== RECORDED INFORMATION ==

lemma ev_ideal_gen:
  assumes I: "I \<in> idx n (nin i)" and K: "K \<in> idx n (mout i)"
  shows "ev A a (ideal_gen n (nin i) (mout i) (fm i) I K) = \<zero>"
proof -
  define X where "X = (\<Sum>J\<in>idx n (nin i). pm_smult (fm i J K) (tword I J))"
  define Y where "Y = (\<Sum>J\<in>idx n (mout i). pm_smult (fm i I J) (tword J K))"
  have carrier: "X \<in> tc_carrier n" "Y \<in> tc_carrier n"
    unfolding X_def Y_def using I K by (auto intro!: tc_carrier_sum tc_carrier_smult tc_carrier_tword)
  have "ev A a X = vsum A (\<lambda>J. fm i J K \<cdot> aprod A a I J) (idx n (nin i))"
    unfolding X_def using I
    by (simp add: ev_sum tc_carrier_smult tc_carrier_tword ev_smult ev_tword aprod_eq_weval cong: vsum_cong)
  also have "\<dots> = vsum A (\<lambda>J. fm i I J \<cdot> aprod A a J K) (idx n (mout i))"
    using colinear I K by (simp add: colinear_def)
  also have "\<dots> = ev A a Y"
    unfolding Y_def using K
    by (simp add: ev_sum tc_carrier_smult tc_carrier_tword ev_smult ev_tword aprod_eq_weval cong: vsum_cong)
  finally have "ev A a X = ev A a Y" .
  then show ?thesis
    using carrier by (simp add: ideal_gen_def X_def[symmetric] Y_def[symmetric] ev_diff add_neg)
qed

lemma ev_IF: "r \<in> I_F \<Longrightarrow> ev A a r = \<zero>"
  unfolding IF_def by (rule ev_tc_ideal) (auto intro: ideal_gen_in_tc_carrier ev_ideal_gen)

definition ev_AF :: "'k tc set \<Rightarrow> 'a" where
  "ev_AF X = ev A a (rep X)"

lemma ev_AF_coset: "p \<in> tc_carrier n \<Longrightarrow> ev_AF (coset I_F p) = ev A a p"
  using rep_coset[of p] IF_subset_tc_carrier by (auto simp: ev_AF_def ev_add ev_IF)

lemma ev_AF_gens: "i < n \<Longrightarrow> j < n \<Longrightarrow> ev_AF (AF_t n nin mout fm i j) = a i j"
  by (simp add: AF_t_eq_coset ev_AF_coset tc_carrier_single ev_single)

lemma ev_AF_bialg_hom: "bialg_hom A_F A ev_AF"
  unfolding bialg_hom_def
proof (intro conjI ballI allI)
  fix X assume "X \<in> b_carrier A_F"
  then obtain p where p: "p \<in> tc_carrier n" "X = coset I_F p"
    by (auto simp: AF_simps)
  show "ev_AF X \<in> carrier"
    using p by (simp add: ev_AF_coset)
  show "\<epsilon> (ev_AF X) = b_counit A_F X"
    using p by (simp add: ev_AF_def AF_simps counit_ev rep_coset_in_tc_carrier)
  have "tmap2 ev_AF ev_AF (b_comult A_F X) = tmap2 (ev A a) (ev A a) (tc_comult n (rep X))"
    unfolding AF_simps tmap2_comp
    using keys_tc_comult[OF rep_coset_in_tc_carrier] p by (intro tmap2_cong) (auto simp: ev_AF_coset)
  then show "teq2 A (\<Delta> (ev_AF X)) (tmap2 ev_AF ev_AF (b_comult A_F X))"
    using comult_ev[OF rep_coset_in_tc_carrier] p by (simp add: ev_AF_def)
  fix Y assume "Y \<in> b_carrier A_F"
  then obtain q where q: "q \<in> tc_carrier n" "Y = coset I_F q"
    by (auto simp: AF_simps)
  show "ev_AF (b_add A_F X Y) = ev_AF X \<oplus> ev_AF Y"
    using p q by (simp add: AF_add_coset ev_AF_coset tc_carrier_add ev_add)
  show "ev_AF (b_mult A_F X Y) = ev_AF X \<otimes> ev_AF Y"
    using p q by (simp add: AF_mult_coset ev_AF_coset tc_carrier_mul ev_tc_mul)
next
  fix c X assume "X \<in> b_carrier A_F"
  then obtain p where "p \<in> tc_carrier n" "X = coset I_F p"
    by (auto simp: AF_simps)
  then show "ev_AF (b_smult A_F c X) = c \<cdot> ev_AF X"
    by (simp add: AF_smult_coset ev_AF_coset tc_carrier_smult ev_smult)
next
  show "ev_AF (b_one A_F) = \<one>"
    by (simp add: AF_simps tc_one_def ev_AF_coset tc_carrier_single ev_single)
qed

end

theorem mainTheorem2:
  fixes n :: nat
    and nin mout :: "'i \<Rightarrow> nat"
    and fm :: "'i \<Rightarrow> nat list \<Rightarrow> nat list \<Rightarrow> 'k::field"
    and A :: "('k, 'a) bialg"
    and a :: "nat \<Rightarrow> nat \<Rightarrow> 'a"
  assumes "is_bialgebra A"
    and "comodule_mat A n a"
    and "\<forall>i. colinear A n a (nin i) (mout i) (fm i)"
  shows "\<exists>\<pi>. bialg_hom (AF n nin mout fm) A \<pi>
            \<and> (\<forall>i<n. \<forall>j<n. \<pi> (AF_t n nin mout fm i j) = a i j)
            \<and> (\<forall>\<pi>'. bialg_hom (AF n nin mout fm) A \<pi>'
                   \<and> (\<forall>i<n. \<forall>j<n. \<pi>' (AF_t n nin mout fm i j) = a i j)
                   \<longrightarrow> (\<forall>X\<in>b_carrier (AF n nin mout fm). \<pi>' X = \<pi> X))"
proof -
  interpret colinear_family A n a nin mout fm
    using assms by unfold_locales auto
  have unique: "\<pi>' X = ev_AF X"
    if "bialg_hom A_F A \<pi>'" "\<forall>i<n. \<forall>j<n. \<pi>' (AF_t n nin mout fm i j) = a i j" "X \<in> b_carrier A_F"
    for \<pi>' X
    using that(3) hom_coset_eq_ev[OF that(1,2)] by (auto simp: AF_simps ev_AF_coset)
  show ?thesis
    using ev_AF_bialg_hom ev_AF_gens unique by blast
qed

end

===

• AIM OF THE EXERCISE
Copy the records above exactly, beginning at the line that contains "fix X assume" and stopping after the line that contains "using p q by (simp add: AF_add_coset".

• SOLUTION
  fix X assume "X \<in> b_carrier A_F"
  then obtain p where p: "p \<in> tc_carrier n" "X = coset I_F p"
    by (auto simp: AF_simps)
  show "ev_AF X \<in> carrier"
    using p by (simp add: ev_AF_coset)
  show "\<epsilon> (ev_AF X) = b_counit A_F X"
    using p by (simp add: ev_AF_def AF_simps counit_ev rep_coset_in_tc_carrier)
  have "tmap2 ev_AF ev_AF (b_comult A_F X) = tmap2 (ev A a) (ev A a) (tc_comult n (rep X))"
    unfolding AF_simps tmap2_comp
    using keys_tc_comult[OF rep_coset_in_tc_carrier] p by (intro tmap2_cong) (auto simp: ev_AF_coset)
  then show "teq2 A (\<Delta> (ev_AF X)) (tmap2 ev_AF ev_AF (b_comult A_F X))"
    using comult_ev[OF rep_coset_in_tc_carrier] p by (simp add: ev_AF_def)
  fix Y assume "Y \<in> b_carrier A_F"
  then obtain q where q: "q \<in> tc_carrier n" "Y = coset I_F q"
    by (auto simp: AF_simps)
  show "ev_AF (b_add A_F X Y) = ev_AF X \<oplus> ev_AF Y"
    using p q by (simp add: AF_add_coset ev_AF_coset tc_carrier_add ev_add)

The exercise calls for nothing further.